DNA motifs

DNA sequence motifs are short, recurring patterns in DNA that are presumed to have a biological function. Often they indicate sequence-specific binding sites for proteins such as nucleases and transcription factors (TF). Others are involved in important processes at the RNA level, including ribosome binding, mRNA processing (splicing, editing, polyadenylation) and transcription termination.

In the past, binding sites were typically determined through DNase footprinting, and gel-shift or reporter construct assays, whereas binding affinities to artificial sequences were explored using SELEX. Nowadays, they are identified mostly using ChIP-seq experiments.

A DNA motif or pattern is obtained via alignment of DNA-binding sites and is represented as a position frequency matrix (PFM) and “sequence logos” in which a number of stacked nucleotides are placed with a size proportional to their conservation in that position.

(a) Eight known genomic binding sites in three S. cerevisiae genes. (b) Degenerate consensus sequence. (c,d) Frequencies of nucleotides at each position. (e) Sequence logo showing the frequencies scaled relative to the information content (measure of conservation) at each position. (f) Energy normalized logo using relative entropy to adjust for low GC content in S. cerevisiae. From https://www.nature.com/articles/nbt0406-423

For example, the logo (e) is obtained from nucleotide frequencies, applying to each motif position i the formula:

I(i) = 2 + SUM over b of ( f(b,i) * log2(f(b,i) ),

where f(b,i) is the frequency of nucleotide b at position i.

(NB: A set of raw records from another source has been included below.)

lemma elementary_differentiable_partial_deriv:
  assumes "open S" "elementary S f"
  shows "(\<forall>x\<in>S. f differentiable (at x)) \<and> (\<forall>i. elementary S (partial_deriv i f))"
  using assms(2)
proof induction
  case (elementary_const c)
  have "partial_deriv i (\<lambda>x. c) y = 0" for i and y :: "real^'a"
    by (rule partial_deriv_eqI) (auto intro!: derivative_eq_intros)
  then show ?case by (auto intro: elementary.elementary_const[of S 0, simplified])
next
  case (elementary_coord j)
  have "partial_deriv i (\<lambda>x. x $ j) y = (if j = i then 1 else 0)" for i and y :: "real^'a"
    by (rule partial_deriv_eqI) (auto simp: axis_def intro!: derivative_eq_intros)
  moreover have "(\<lambda>x::real^'a. x $ j) differentiable (at y)" for y
    using bounded_linear_vec_nth[of j] bounded_linear_imp_differentiable by blast
  ultimately show ?case by (auto intro: elementary.elementary_const)
next
  case (elementary_add f g)
  have "elementary S (partial_deriv i (\<lambda>x. f x + g x))" for i
    by (rule elementary.elementary_cong[of S "\<lambda>y. partial_deriv i f y + partial_deriv i g y"])
       (use elementary_add.IH in \<open>auto intro: elementary.elementary_add partial_deriv_add[symmetric]\<close>)
  then show ?case using elementary_add.IH by (auto intro: differentiable_add)
next
  case (elementary_mult f g)
  have eq: "partial_deriv i (\<lambda>x. f x * g x) y
      = partial_deriv i f y * g y + f y * partial_deriv i g y" if "y \<in> S" for i y
    using that elementary_mult.IH
    by (intro partial_deriv_eqI) (auto intro!: derivative_eq_intros has_real_derivative_partial_deriv)
  have "elementary S (partial_deriv i (\<lambda>x. f x * g x))" for i
    by (rule elementary.elementary_cong[of S
          "\<lambda>y. partial_deriv i f y * g y + f y * partial_deriv i g y"])
       (use elementary_mult eq in \<open>auto intro!: elementary.elementary_add elementary.elementary_mult\<close>)
  then show ?case using elementary_mult.IH by (auto intro: differentiable_mult)
next
  case (elementary_powr f p)
  have eq: "partial_deriv i (\<lambda>x. f x powr p) y = p * f y powr (p - 1) * partial_deriv i f y"
    if "y \<in> S" for i y
  proof (rule partial_deriv_eqI)
    have "((\<lambda>h. f (y + h *\<^sub>R axis i 1)) has_real_derivative partial_deriv i f y) (at 0)"
      using that elementary_powr.IH by (intro has_real_derivative_partial_deriv) auto
    from DERIV_fun_powr[OF this, of p] that elementary_powr.hyps(2)
    show "((\<lambda>h. f (y + h *\<^sub>R axis i 1) powr p) has_real_derivative
        p * f y powr (p - 1) * partial_deriv i f y) (at 0)"
      by simp
  qed
  have "elementary S (partial_deriv i (\<lambda>x. f x powr p))" for i
    by (rule elementary.elementary_cong[of S "\<lambda>y. p * f y powr (p - 1) * partial_deriv i f y"])
       (use elementary.elementary_mult[OF elementary.elementary_mult[OF elementary.elementary_const
          elementary.elementary_powr[OF elementary_powr.hyps]]] elementary_powr.IH eq in auto)
  moreover have "(\<lambda>x. f x powr p) differentiable (at y)" if y: "y \<in> S" for y
  proof -
    obtain f' where "(f has_derivative f') (at y)"
      using y elementary_powr.IH by (auto simp: differentiable_def)
    from has_derivative_powr[OF this has_derivative_const, of p]
    show ?thesis using y elementary_powr.hyps(2) unfolding differentiable_def by blast
  qed
  ultimately show ?case by blast
next
  case (elementary_cong f g)
  have "g differentiable (at y)" if y: "y \<in> S" for y
  proof -
    obtain f' where "(f has_derivative f') (at y)"
      using y elementary_cong.IH by (auto simp: differentiable_def)
    then have "(g has_derivative f') (at y)"
      by (rule has_derivative_transform_within_open[OF _ assms(1) y]) (use elementary_cong.hyps in auto)
    then show ?thesis unfolding differentiable_def by blast
  qed
  moreover have "elementary S (partial_deriv i g)" for i
    by (rule elementary.elementary_cong[OF conjunct2[OF elementary_cong.IH, rule_format, of i]])
       (use elementary_cong.hyps assms(1) in \<open>auto intro: partial_deriv_cong\<close>)
  ultimately show ?case by blast
qed

lemma smooth_on_open_elementary:
  assumes "open S" "elementary S f"
  shows "smooth_on_open S f"
proof -
  have "elementary S (foldr partial_deriv is f)" for "is"
    by (induction "is") (use assms elementary_differentiable_partial_deriv in auto)
  then have "(foldr partial_deriv is f) differentiable_on S" for "is"
    using elementary_differentiable_partial_deriv[OF assms(1)]
    by (simp add: differentiable_at_withinI differentiable_on_def)
  then show ?thesis using assms(1) by (simp add: smooth_on_open_def)
qed

lemma laplacian_add:
  fixes y :: "real^'n::finite"
  assumes "open S" "y \<in> S" "elementary S f" "elementary S g"
  shows "laplacian (\<lambda>z. f z + g z) y = laplacian f y + laplacian g y"
proof -
  note diff = elementary_differentiable_partial_deriv[OF assms(1)]
  have "partial_deriv i (partial_deriv i (\<lambda>z. f z + g z)) y
      = partial_deriv i (\<lambda>z. partial_deriv i f z + partial_deriv i g z) y" for i
    by (rule partial_deriv_cong[OF assms(1,2)]) (use diff assms(3,4) in \<open>auto intro: partial_deriv_add\<close>)
  also have "\<dots> i = partial_deriv i (partial_deriv i f) y + partial_deriv i (partial_deriv i g) y" for i
    using diff assms by (intro partial_deriv_add) auto
  finally show ?thesis by (simp add: laplacian_def sum.distrib)
qed

lemma elementary_sum:
  assumes "finite I" "\<And>i. i \<in> I \<Longrightarrow> elementary S (f i)"
  shows "elementary S (\<lambda>x. \<Sum>i\<in>I. f i x)"
  using assms by (induction I rule: finite_induct) (auto intro: elementary.intros)

lemma elementary_inner:
  "elementary S (\<lambda>y. inner y y)" "elementary S (\<lambda>y. inner a y)"
  by (rule elementary.elementary_cong[OF elementary_sum[of UNIV S "\<lambda>i y. y$i * y$i"]]
        elementary.elementary_cong[OF elementary_sum[of UNIV S "\<lambda>i y. a$i * y$i"]];
      auto intro: elementary.intros simp: inner_vec_def)+

section \<open>Profiles and their Laplacians\<close>

definition bubble_denom :: "real^'n::finite \<Rightarrow> real^'n \<Rightarrow> real" where
  "bubble_denom a y = inner a a * inner y y - 2 * inner a y + 1"

definition profile :: "real^'n::finite \<Rightarrow> real \<Rightarrow> real \<Rightarrow> real \<Rightarrow> real^'n \<Rightarrow> real" where
  "profile a b0 b1 p y = (b0 + b1 * inner y y) * bubble_denom a y powr p"

lemma bubble_denom_pos:
  fixes a y :: "real^'n::finite"
  assumes "norm a < 1" "norm y \<le> 1"
  shows "0 < bubble_denom a y"
proof -
  define u where "u = norm a * norm y"
  have "inner a y \<le> u" unfolding u_def by (rule norm_cauchy_schwarz)
  moreover have "u < 1"
    using mult_left_mono[OF assms(2) norm_ge_zero, of a] assms(1) by (simp add: u_def)
  then have "0 < (1 - u)^2" by simp
  ultimately have "0 < u^2 - 2 * inner a y + 1" by (simp add: power2_eq_square algebra_simps)
  then show ?thesis
    by (simp add: bubble_denom_def u_def power_mult_distrib flip: power2_norm_eq_inner)
qed

lemma open_bubble_denom_pos: "open {y. 0 < bubble_denom a y}"
  unfolding bubble_denom_def by (intro open_Collect_less continuous_intros)

lemma elementary_profile: "elementary {y. 0 < bubble_denom a y} (profile a b0 b1 p)"
proof -
  have "elementary S (\<lambda>y. inner a a * inner y y + (-2) * inner a y + 1)" for S
    by (intro elementary_add elementary_mult elementary_const elementary_inner)
  then have "elementary S (bubble_denom a)" for S
    by (rule elementary_cong) (simp add: bubble_denom_def)
  then show ?thesis
    unfolding profile_def
    by (intro elementary_add elementary_mult elementary_const elementary_inner elementary_powr) auto
qed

Positions that are perfectly conserved contain 2 bits of information, those where two of the four bases occur 50% of the time each contain 1 bit, and positions where all four bases occur equally often contain no information. Note that for a small sample, the information content will tend to be overestimated, so a small-sample correction needs to be applied. This explains why the central positions of the motif in the logo (e) show an information content of less than 2 bits, even though they are perfectly conserved within the eight known binding sites.

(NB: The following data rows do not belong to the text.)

lemma I_int_le_measure:
  assumes v: "mono_on {0..\<tau>} v" and "0 \<le> \<tau>" and \<phi>: "\<phi> \<in> Phi" and B: "\<And>t. \<phi> t \<le> B"
  shows "I_int n \<phi> \<tau> v \<le> B * measure (LS_measure_on \<tau> v) {0..\<tau>}"
proof -
  interpret finite_measure "LS_measure_on \<tau> v"
    by (rule finite_measure_LS_measure_on[OF assms(1,2)])
  have "I_int n \<phi> \<tau> v \<le> (\<integral>u. \<phi> (real n * u / real n) \<partial>LS_measure_on \<tau> v)"
    by (rule I_int_le_integral[OF \<phi> order_refl])
  also have "\<dots> \<le> (\<integral>u. B \<partial>LS_measure_on \<tau> v)"
    using B by (intro integral_mono integrable_Phi_LS_measure_on[OF assms(1-3)]) auto
  also have "\<dots> = B * measure (LS_measure_on \<tau> v) {0..\<tau>}"
    by simp
  finally show ?thesis .
qed

lemma C_const_pos:
  assumes "0 < \<tau>" and \<phi>: "\<phi> \<in> Phi"
  shows "0 < C_const n \<phi> \<tau>"
proof -
  obtain B where B: "0 < B" "\<And>t. \<phi> t \<le> B" using Phi_bounded[OF \<phi>] by blast
  have "ereal (1 / B) \<le> ereal (v \<tau> - v 0) / ereal (I_int n \<phi> \<tau> v)" if v: "v \<in> Vset \<tau>" for v
  proof -
    have W: "0 < v \<tau> - v 0" by (rule Vset_increment_pos[OF v])
    have mono: "mono_on {0..\<tau>} v" using v by (simp add: Vset_def)
    have "I_int n \<phi> \<tau> v \<le> B * measure (LS_measure_on \<tau> v) {0..\<tau>}"
      using I_int_le_measure[OF mono _ \<phi> B(2)] assms(1) by simp
    also have "\<dots> \<le> B * (v \<tau> - v 0)"
      using measure_LS_measure_on_le[OF mono] assms(1) B(1) by simp
    finally have "I_int n \<phi> \<tau> v \<le> B * (v \<tau> - v 0)" .
    then show ?thesis
      using W B(1) I_int_nonneg[OF \<phi>, of n \<tau> v]
      by (cases "I_int n \<phi> \<tau> v = 0") (auto simp: field_simps)
  qed
  then have "ereal (1 / B) \<le> C_const n \<phi> \<tau>"
    unfolding C_const_def by (rule INF_greatest)
  moreover have "0 < ereal (1 / B)" using B(1) by simp
  ultimately show ?thesis by order
qed

lemma modulus_nonneg: "0 \<le> \<delta> \<Longrightarrow> 0 \<le> modulus M \<phi> f \<delta>"
  unfolding modulus_def by (rule SUP_upper2[of 0]) (auto intro: lux_norm_nonneg)

lemma lux_norm_Delta_le_modulus: "\<bar>h\<bar> \<le> \<delta> \<Longrightarrow> lux_norm M (Delta \<phi> h f) \<le> modulus M \<phi> f \<delta>"
  unfolding modulus_def by (rule SUP_upper) simp

lemma norm_Delta: "\<phi> \<in> Phi \<Longrightarrow> cmod (Delta \<phi> h f k) = \<phi> (of_int k * h) * cmod (fourier_coeff f k)"
  by (simp add: Delta_def norm_mult Phi_nonneg)

lemma fourier_tail_eq_0_if_modulus_eq_0:
  assumes M: "\<And>k. orlicz (M k)" and "0 < \<tau>" and "1 \<le> n" and \<phi>: "\<phi> \<in> Phi"
    and \<omega>: "modulus M \<phi> f (\<tau> / real n) = 0"
  shows "fourier_tail f (n - 1) k = 0"
proof (cases "\<bar>k\<bar> \<le> int (n - 1)")
  case False
  then have "k \<noteq> 0" by auto
  have "0 < \<tau> / real n" using assms(2,3) by simp
  then obtain s where s: "s \<in> {0..\<tau> / real n}" "\<phi> s \<noteq> 0"
    using Phi_nonzero_near_0[OF \<phi>] by blast
  \<comment> \<open>the step \<open>h = s / k\<close> moves frequency \<open>k\<close> to the point \<open>s\<close> where \<open>\<phi>\<close> does not vanish\<close>
  have "1 \<le> \<bar>real_of_int k\<bar>" using \<open>k \<noteq> 0\<close> by linarith
  then have "\<bar>s\<bar> / \<bar>of_int k\<bar> \<le> s / 1"
    using s(1) by (intro frac_le) auto
  then have "\<bar>s / of_int k\<bar> \<le> \<tau> / real n" using s(1) by (simp add: abs_divide)
  then have "lux_norm M (Delta \<phi> (s / of_int k) f) \<le> 0"
    using lux_norm_Delta_le_modulus \<omega> by metis
  then have "Delta \<phi> (s / of_int k) f k = 0" by (rule lux_norm_le_0_imp_eq_0[OF M])
  then show ?thesis using s(2) \<open>k \<noteq> 0\<close> by (simp add: Delta_def fourier_tail_def)
qed (simp add: fourier_tail_def)

lemma I_int_mult_fourier_tail_le:
  assumes \<phi>: "\<phi> \<in> Phi"
  shows "I_int n \<phi> \<tau> v * cmod (fourier_tail f (n - 1) k)
    \<le> (\<integral>u. cmod (Delta \<phi> (u / real n) f k) \<partial>LS_measure_on \<tau> v)"
proof (cases "\<bar>k\<bar> \<le> int (n - 1)")
  case True
  then show ?thesis by (simp add: fourier_tail_def)
next
  case False
  then have "n \<le> nat \<bar>k\<bar>" by linarith
  have "\<phi> (of_int k * (u / real n)) = \<phi> (real (nat \<bar>k\<bar>) * u / real n)" for u
    using Phi_mult_abs[OF \<phi>, of "of_int k" "u / real n"] by simp
  then have "(\<integral>u. cmod (Delta \<phi> (u / real n) f k) \<partial>LS_measure_on \<tau> v)
      = (\<integral>u. \<phi> (real (nat \<bar>k\<bar>) * u / real n) \<partial>LS_measure_on \<tau> v) * cmod (fourier_coeff f k)"
    by (simp add: norm_Delta[OF \<phi>])
  moreover have "I_int n \<phi> \<tau> v \<le> (\<integral>u. \<phi> (real (nat \<bar>k\<bar>) * u / real n) \<partial>LS_measure_on \<tau> v)"
    by (rule I_int_le_integral[OF \<phi> \<open>n \<le> nat \<bar>k\<bar>\<close>])
  ultimately show ?thesis using False by (simp add: fourier_tail_def mult_right_mono)
qed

The logo (f) shows the Rox1 binding motif, corrected for the GC-content of S. cerevisiae genomic DNA. In comparison with logo (e), the central G base now carries more information than the flanking A and T bases, reflecting the fact that its occurrence is much more significant in the low-GC genome.

Repositories of known DNA motifs

  • JASPAR - open source and free collection of motifs as matrices.
  • TRANSFAC - private collection of eukaryotic transcription factors, genomic binding sites and DNA-binding profiles (there is freely available old version).
  • CisBP - collects data from >70 sources, including other database such as Transfac, JASPAR, HOCOMOCO, FactorBook, UniProbe, Fly Factor Survey, and dozens of additional publications. In addition to housing these “directly determined” DNA binding motifs, CisBP also includes “inferred” motifs. Inferences are performed by mapping motifs across and within species, using DNA binding domain similarity thresholds established separately for each TF family (see publication for details). In other words, if a mouse TF has a known motif, its human ortholog’s motif can be inferred, provided that the ortholog’s DNA binding domain is “similar enough”.
  • UniPROBE - a database from the Bulyk lab at Harvard with motifs obtained using the protein‐binding microarray (PBM) technology, either from their own work or from other groups.
  • PRODORIC - prokaryotic motifs
  • RegTransBase - prokaryotic motifs

Let’s search JASPAR for Pou5f1. We can see that the mouse motif is slightly larger than the human one (at 5’) but they are quite conserved. Let’s click on the human motif MA0792.1. We can read that the data come from a SELEX experiment.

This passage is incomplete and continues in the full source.